◆ Given data
Segment Open

(* Let $\eta,\lambda>0$ with $\eta\lambda\le\tfrac12$, $x(0)\neq0$, and $x(t+1)=(1-\eta\lambda)x(t)-\eta\nabla L(x(t))$. Let $$I=\{T'\in\mathbb{N}: \forall\,0\le t\le T',\ \|x(t)\|_2^2\le\pi^2\rho\eta\ \text{ and }\ \|\nabla L(\bar x(t))\|_2^2>8\pi^4\rho^2\lambda\eta\}.$$ Suppose $0\in I$. Then $I$ is finite, and with $T:=\max I$ we have $T\le\frac{1}{6\lambda\eta}$ and $$\|x(T+1)\|_2^2\le\frac{2(\pi^2\rho\eta)^2}{\|x(0)\|_2^2}.$$
   Context: $L:\mathbb{R}^d\setminus\{0\}\to\mathbb{R}$ is $C^2$ and scale invariant, i.e. $L(cx)=L(x)$ for all $c>0$, $x\ne0$. $\rho:=\max_{\|x\|_2=1}\|\nabla^2L(x)\|_2>0$ (spectral norm). For $x\neq0$, $\bar x:=x/\|x\|_2$. *)

theory Defs
  imports "HOL-Analysis.Analysis"
begin

end

theory Submission
  imports Defs
begin

text \<open>Scale invariance makes \<open>\<nabla>L(z)\<close> orthogonal to \<open>z\<close> and homogeneous of degree \<open>-1\<close>.
Hence a step adds \<open>\<eta>\<^sup>2 \<parallel>\<nabla>L(x/\<parallel>x\<parallel>)\<parallel>\<^sup>2 / \<parallel>x\<parallel>\<^sup>2\<close> to \<open>\<parallel>x\<parallel>\<^sup>2\<close>, while weight decay shrinks
\<open>\<parallel>x\<parallel>\<^sup>2\<close> by the factor \<open>(1 - \<eta>\<lambda>)\<^sup>2\<close>. As long as the norm is small and the normalized
gradient is large, the gain exceeds the loss by \<open>6\<pi>\<^sup>2\<rho>\<lambda>\<eta>\<^sup>2\<close>, which bounds the length of
that phase. For the step after it one needs an a priori bound on the gradient on the unit sphere:
along the great circle from \<open>u\<close> through the direction of \<open>\<nabla>L(u)\<close> to \<open>-u\<close>, a second order
Taylor estimate of \<open>L\<close>, run in both directions, gives \<open>\<parallel>\<nabla>L(u)\<parallel> \<le> \<pi>\<rho>/2\<close>.\<close>

lemma taylor_second_order_bound:
  fixes f f' f'' :: "real \<Rightarrow> real"
  assumes f': "\<And>s. (f has_real_derivative f' s) (at s)"
    and f'': "\<And>s. (f' has_real_derivative f'' s) (at s)"
    and bound: "\<And>s. \<bar>f'' s\<bar> \<le> r" and a: "a > 0"
  shows "\<bar>f a - f 0 - a * f' 0\<bar> \<le> r * a^2 / 2"
proof -
  have "\<forall>m t. m < 2 \<and> 0 \<le> t \<and> t \<le> a \<longrightarrow>
      (([f, f', f''] ! m) has_real_derivative ([f, f', f''] ! Suc m) t) (at t)"
    using f' f'' by (auto simp: less_2_cases_iff)
  from Maclaurin2[OF a _ this] obtain t
    where "f a = (\<Sum>m<2. ([f, f', f''] ! m) 0 / fact m * a ^ m) + f'' t / fact 2 * a^2"
    by auto
  then have "f a - f 0 - a * f' 0 = f'' t * a^2 / 2"
    by (simp add: eval_nat_numeral)
  also have "\<bar>\<dots>\<bar> \<le> r * a^2 / 2"
    using bound[of t] by (simp add: abs_mult divide_right_mono mult_right_mono)
  finally show ?thesis .
qed

locale scale_invariant =
  fixes L :: "'a::euclidean_space \<Rightarrow> real" and gradL :: "'a \<Rightarrow> 'a"
  assumes L_has_derivative: "z \<noteq> 0 \<Longrightarrow> (L has_derivative (\<lambda>h. gradL z \<bullet> h)) (at z)"
    and L_scaleR: "c > 0 \<Longrightarrow> z \<noteq> 0 \<Longrightarrow> L (c *\<^sub>R z) = L z"
begin

lemma gradL_orthogonal:
  assumes z: "z \<noteq> 0"
  shows "gradL z \<bullet> z = 0"
proof -
  have "((\<lambda>c. c *\<^sub>R z) has_derivative (\<lambda>h. h *\<^sub>R z)) (at 1)"
    by (auto intro!: derivative_eq_intros)
  then have "((\<lambda>c. L (c *\<^sub>R z)) has_derivative (\<lambda>h. gradL z \<bullet> (h *\<^sub>R z))) (at 1)"
    by (rule has_derivative_compose) (simp add: L_has_derivative z)
  then have "((\<lambda>c. L z) has_derivative (\<lambda>h. gradL z \<bullet> (h *\<^sub>R z))) (at 1)"
    by (rule has_derivative_transform_within_open[where s = "{0<..}"]) (auto simp: L_scaleR z)
  from has_derivative_unique[OF this has_derivative_const]
  show ?thesis by (metis scaleR_one)
qed

lemma gradL_scaleR:
  assumes z: "z \<noteq> 0" and c: "c > 0"
  shows "gradL (c *\<^sub>R z) = (1 / c) *\<^sub>R gradL z"
proof -
  have "((\<lambda>y. c *\<^sub>R y) has_derivative (\<lambda>h. c *\<^sub>R h)) (at z)"
    by (auto intro!: derivative_eq_intros)
  then have "((\<lambda>y. L (c *\<^sub>R y)) has_derivative (\<lambda>h. gradL (c *\<^sub>R z) \<bullet> (c *\<^sub>R h))) (at z)"
    by (rule has_derivative_compose) (use L_has_derivative[of "c *\<^sub>R z"] z c in simp)
  then have "(L has_derivative (\<lambda>h. gradL (c *\<^sub>R z) \<bullet> (c *\<^sub>R h))) (at z)"
    by (rule has_derivative_transform_within_open[where s = "UNIV - {0}"]) (auto simp: L_scaleR c z)
  from has_derivative_unique[OF this L_has_derivative[OF z]]
  have "gradL (c *\<^sub>R z) \<bullet> (c *\<^sub>R h) = gradL z \<bullet> h" for h
    by metis
  then have "(c *\<^sub>R gradL (c *\<^sub>R z) - gradL z) \<bullet> h = 0" for h
    by (simp add: inner_diff_left)
  then have "c *\<^sub>R gradL (c *\<^sub>R z) = gradL z"
    by (metis inner_eq_zero_iff right_minus_eq)
  then have "(1 / c) *\<^sub>R (c *\<^sub>R gradL (c *\<^sub>R z)) = (1 / c) *\<^sub>R gradL z"
    by simp
  then show ?thesis using c by simp
qed

lemma norm_sq_gradient_step:
  assumes z: "z \<noteq> 0"
  shows "norm (a *\<^sub>R z - \<eta> *\<^sub>R gradL z)^2
    = a^2 * norm z^2 + \<eta>^2 * norm (gradL ((1 / norm z) *\<^sub>R z))^2 / norm z^2"
proof -
  have "norm (gradL ((1 / norm z) *\<^sub>R z)) = norm z * norm (gradL z)"
    using gradL_scaleR[OF z, of "1 / norm z"] z by simp
  moreover have "gradL z \<bullet> z = 0" by (rule gradL_orthogonal[OF z])
  ultimately show ?thesis
    using z by (simp add: power2_norm_eq_inner inner_diff_left inner_diff_right inner_commute
        power_mult_distrib)
      (simp add: power2_eq_square)
qed

end

locale scale_invariant_hessian_bounded = scale_invariant +
  fixes H :: "'a::euclidean_space \<Rightarrow> 'a \<Rightarrow>\<^sub>L 'a" and \<rho> :: real
  assumes gradL_has_derivative: "z \<noteq> 0 \<Longrightarrow> (gradL has_derivative blinfun_apply (H z)) (at z)"
    and norm_H_le: "norm z = 1 \<Longrightarrow> norm (H z) \<le> \<rho>"
begin

lemma great_circle_taylor:
  assumes u: "norm u = 1" and w: "norm w = 1" and uw: "u \<bullet> w = 0"
  shows "\<bar>L (- u) - L u - pi * (gradL u \<bullet> w)\<bar> \<le> \<rho> * pi^2 / 2"
proof -
  define \<gamma> where "\<gamma> s = cos s *\<^sub>R u + sin s *\<^sub>R w" for s
  define \<gamma>' where "\<gamma>' s = (- sin s) *\<^sub>R u + cos s *\<^sub>R w" for s
  have unit: "norm (cos s *\<^sub>R u + sin s *\<^sub>R w) = 1" for s
    using u w uw by (simp add: norm_eq_1 inner_add_left inner_add_right inner_commute
        power2_eq_square[symmetric])
  have \<gamma>_unit: "norm (\<gamma> s) = 1" and \<gamma>'_unit: "norm (\<gamma>' s) = 1" for s
    using unit[of s] unit[of "s + pi / 2"] by (simp_all add: \<gamma>_def \<gamma>'_def cos_add sin_add)
  have \<gamma>_nonzero: "\<gamma> s \<noteq> 0" for s
    using \<gamma>_unit[of s] by auto
  have d\<gamma>: "(\<gamma> has_derivative (\<lambda>h. h *\<^sub>R \<gamma>' s)) (at s)"
    and d\<gamma>': "(\<gamma>' has_derivative (\<lambda>h. h *\<^sub>R - \<gamma> s)) (at s)" for s
    unfolding \<gamma>_def \<gamma>'_def has_vector_derivative_def[symmetric]
    by (auto intro!: derivative_eq_intros simp: algebra_simps)
  have "((\<lambda>s. L (\<gamma> s)) has_real_derivative gradL (\<gamma> s) \<bullet> \<gamma>' s) (at s)" for s
    using has_derivative_compose[OF d\<gamma>[of s] L_has_derivative[OF \<gamma>_nonzero[of s]]]
    by (simp add: has_field_derivative_def mult_commute_abs)
  moreover have "((\<lambda>s. gradL (\<gamma> s) \<bullet> \<gamma>' s) has_real_derivative H (\<gamma> s) (\<gamma>' s) \<bullet> \<gamma>' s) (at s)"
    for s
    \<comment> \<open>the term \<open>\<nabla>L(\<gamma>) \<bullet> \<gamma>'' = - \<nabla>L(\<gamma>) \<bullet> \<gamma>\<close> vanishes by orthogonality\<close>
    using has_derivative_inner[OF has_derivative_compose[OF d\<gamma>[of s]
        gradL_has_derivative[OF \<gamma>_nonzero[of s]]] d\<gamma>'[of s]]
    by (simp add: has_field_derivative_def blinfun.scaleR_right gradL_orthogonal[OF \<gamma>_nonzero[of s]]
        mult_commute_abs)
  moreover have "\<bar>H (\<gamma> s) (\<gamma>' s) \<bullet> \<gamma>' s\<bar> \<le> \<rho>" for s
  proof -
    have "\<bar>H (\<gamma> s) (\<gamma>' s) \<bullet> \<gamma>' s\<bar> \<le> norm (H (\<gamma> s)) * norm (\<gamma>' s) * norm (\<gamma>' s)"
      by (metis Cauchy_Schwarz_ineq2 norm_blinfun norm_ge_zero mult_right_mono order_trans)
    then show ?thesis using norm_H_le[OF \<gamma>_unit[of s]] \<gamma>'_unit[of s] by simp
  qed
  ultimately have "\<bar>L (\<gamma> pi) - L (\<gamma> 0) - pi * (gradL (\<gamma> 0) \<bullet> \<gamma>' 0)\<bar> \<le> \<rho> * pi^2 / 2"
    by (rule taylor_second_order_bound) simp
  then show ?thesis by (simp add: \<gamma>_def \<gamma>'_def)
qed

Segment Closed

◆ Problem description
Using the entries shown above, reproduce verbatim the lines from the line bearing "using \<gamma>_unit[of s] by auto" to the line bearing "by (simp add: has_field_derivative_def mult_commute_abs)", inclusive.

◆ Response below
    using \<gamma>_unit[of s] by auto
  have d\<gamma>: "(\<gamma> has_derivative (\<lambda>h. h *\<^sub>R \<gamma>' s)) (at s)"
    and d\<gamma>': "(\<gamma>' has_derivative (\<lambda>h. h *\<^sub>R - \<gamma> s)) (at s)" for s
    unfolding \<gamma>_def \<gamma>'_def has_vector_derivative_def[symmetric]
    by (auto intro!: derivative_eq_intros simp: algebra_simps)
  have "((\<lambda>s. L (\<gamma> s)) has_real_derivative gradL (\<gamma> s) \<bullet> \<gamma>' s) (at s)" for s
    using has_derivative_compose[OF d\<gamma>[of s] L_has_derivative[OF \<gamma>_nonzero[of s]]]
    by (simp add: has_field_derivative_def mult_commute_abs)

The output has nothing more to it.